Entropy¶

Entropy quantifies the average amount of surprise or uncertainty in a random variable. A fair coin has maximum entropy because each flip is maximally unpredictable, while a heavily biased coin has lower entropy because one outcome is nearly certain. Introduced by Claude Shannon in 1948, entropy provides the theoretical foundation for data compression: it gives the minimum average number of bits needed to encode samples from a distribution. This section defines Shannon entropy, establishes its key properties, and extends the concept to continuous distributions.

Definition¶

Let \(X\) be a discrete random variable taking values in a finite set \(\mathcal{X}\) with probability mass function \(p(x) = P(X = x)\). The Shannon entropy of \(X\) is

\[ H(X) = -\sum_{x \in \mathcal{X}} p(x) \log p(x) \]

where the logarithm is base 2 (giving entropy in bits) or base \(e\) (giving entropy in nats). By convention, \(0 \log 0 = 0\), which is justified by the limit \(\lim_{p \to 0^+} p \log p = 0\).

Each term \(-\log p(x)\) represents the information content (or surprise) of outcome \(x\): rare events carry more information than common ones. Entropy averages this surprise over all possible outcomes.

Properties¶

Shannon entropy satisfies several fundamental properties.

Non-negativity. For any discrete random variable \(X\),

\[ H(X) \geq 0 \]

with equality if and only if \(X\) is deterministic (one outcome has probability 1). This follows because \(-p(x) \log p(x) \geq 0\) for all \(p(x) \in [0, 1]\).

Maximum entropy. Among all distributions on a finite set \(\mathcal{X}\) with \(|\mathcal{X}| = n\), the uniform distribution \(p(x) = 1/n\) maximizes entropy:

\[ H(X) \leq \log n \]

with equality if and only if \(X\) is uniformly distributed. This result follows from the non-negativity of KL divergence between \(p\) and the uniform distribution.

Concavity. Entropy is a concave function of the probability distribution. For any two distributions \(p\) and \(q\) on the same space and \(\lambda \in [0, 1]\),

\[ H(\lambda p + (1-\lambda) q) \geq \lambda H(p) + (1-\lambda) H(q) \]

Entropy of a Binary Random Variable

Consider a coin with probability \(p\) of heads and \(1 - p\) of tails. Its entropy is the binary entropy function:

\[ H(p) = -p \log p - (1 - p) \log(1 - p) \]

At \(p = 1/2\) (fair coin), \(H = \log 2 = 1\) bit. At \(p = 0\) or \(p = 1\) (deterministic outcome), \(H = 0\).

Differential Entropy¶

For a continuous random variable \(X\) with probability density function \(p(x)\), the differential entropy is

\[ h(X) = -\int_{-\infty}^{\infty} p(x) \log p(x) \, dx \]

Differential entropy shares some properties with its discrete counterpart, but there are important differences:

Can be negative. For example, if \(X \sim \text{Uniform}(0, a)\) with \(a < 1\), then \(h(X) = \log a < 0\).
Not invariant under changes of variable. If \(Y = g(X)\) for a smooth bijection \(g\), then \(h(Y) \neq h(X)\) in general.
Maximum entropy. Among all continuous distributions on \(\mathbb{R}\) with a given mean and variance, the Gaussian distribution maximizes differential entropy.

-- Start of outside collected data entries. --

theorem origin_sphere_colour_outside_ball:
  fixes g :: "vert \<Rightarrow> 'c" and k :: int
  assumes k: "k \<ge> 4"
    and col: "\<And>u v. u \<noteq> v \<Longrightarrow> hex_metric u v \<le> 2 * k - 2 \<Longrightarrow> g u \<noteq> g v"
  shows "\<exists>u \<in> origin_sphere k. g u \<notin> g ` {w. hex_metric (0, 0) w \<le> k - 1}"
proof (rule ccontr)
  define h q where "h = k div 2" and "q = k mod 2"
  have kq: "k = 2 * h + q" and q: "q = 0 \<or> q = 1" and h: "h \<ge> 2"
    using k unfolding h_def q_def by auto
  let ?S = "origin_sphere k" and ?W = "origin_sphere (k - 1)"
  let ?U = "upper_triple h q" and ?L = "lower_triple h q"
  assume contra: "\<not> ?thesis"
  have twin: "\<exists>w \<in> ?W. g u = g w" if "u \<in> ?S" for u
  proof -
    from contra that obtain w where w: "hex_metric (0, 0) w \<le> k - 1" "g u = g w" by blast
    have "w \<in> ?W" using col that w by (rule colour_twin_on_inner_sphere)
    with w(2) show ?thesis by blast
  qed
  have col': "g u \<noteq> g v" if "u \<noteq> v" "hex_metric u v \<le> 4 * h + 2 * q - 2" for u v
    using col[OF that(1)] that(2) kq by simp
  have UL: "?U \<subseteq> ?S" "?L \<subseteq> ?S" using triples_subset_origin_sphere[OF h q] kq by simp_all
  have "card (g ` T) \<ge> 2" if T: "T = ?U \<or> T = ?L" for T
  proof (rule triple_not_monochromatic[OF q h T col'])
    show "\<exists>w \<in> origin_sphere (2 * h + q - 1). g v = g w" if "v \<in> T" for v
      using twin[of v] that T UL unfolding kq by blast
  qed
  then have colours_UL: "card (g ` ?U) \<ge> 2" "card (g ` ?L) \<ge> 2" by simp_all
  have finS: "finite ?S" and cS: "card ?S = nat (3 * k)" using card_origin_sphere[of k] k by simp_all
  have finW: "finite ?W" and cW: "card ?W = nat (3 * (k - 1))"
    using card_origin_sphere[of "k - 1"] k by simp_all
  have "card (?U \<union> ?L) = 6" using card_triples[OF h q] by (simp add: card_Un_disjoint card_ge_0_finite)
  then have "card (?S - (?U \<union> ?L)) = card ?S - 6" using UL finS by (simp add: card_Diff_subset finite_subset)
  moreover have "card (g ` ?S) = card (?S - (?U \<union> ?L)) + card (g ` ?U) + card (g ` ?L)"
  proof (rule card_image_collisions_in_blocks[OF finS UL card_triples(3)[OF h q]])
    fix u u' assume "u \<in> ?S" "u' \<in> ?S" "u \<noteq> u'" "g u = g u'"
    moreover obtain w where "w \<in> ?W" "g u = g w" using twin \<open>u \<in> ?S\<close> by blast
    ultimately show "in_common_triple h q u u'"
      using same_colour_in_common_triple[where g = g, OF q h col'] unfolding kq by blast
  qed
  moreover have "card (g ` ?S) \<le> card ?W"
  proof -
    have "g ` ?S \<subseteq> g ` ?W" using twin by blast
    then have "card (g ` ?S) \<le> card (g ` ?W)" using finW by (simp add: card_mono)
    also have "\<dots> \<le> card ?W" using finW by (rule card_image_le)
    finally show ?thesis .
  qed
  moreover have "card ?S = card ?W + 3" using cS cW k by (simp add: nat_diff_distrib)
  moreover have "card ?W \<ge> 9" using cW k by simp
  ultimately show False using colours_UL by linarith
qed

Gaussian Differential Entropy

If \(X \sim \mathcal{N}(\mu, \sigma^2)\), then

\[ h(X) = \frac{1}{2} \log(2 \pi e \sigma^2) \]

This result shows that differential entropy grows logarithmically with the variance.

Summary¶

Shannon entropy \(H(X) = -\sum_x p(x) \log p(x)\) measures the average uncertainty in a discrete random variable. It is non-negative, maximized by the uniform distribution, and concave. Differential entropy extends this concept to continuous distributions but can be negative and is not invariant under changes of variable.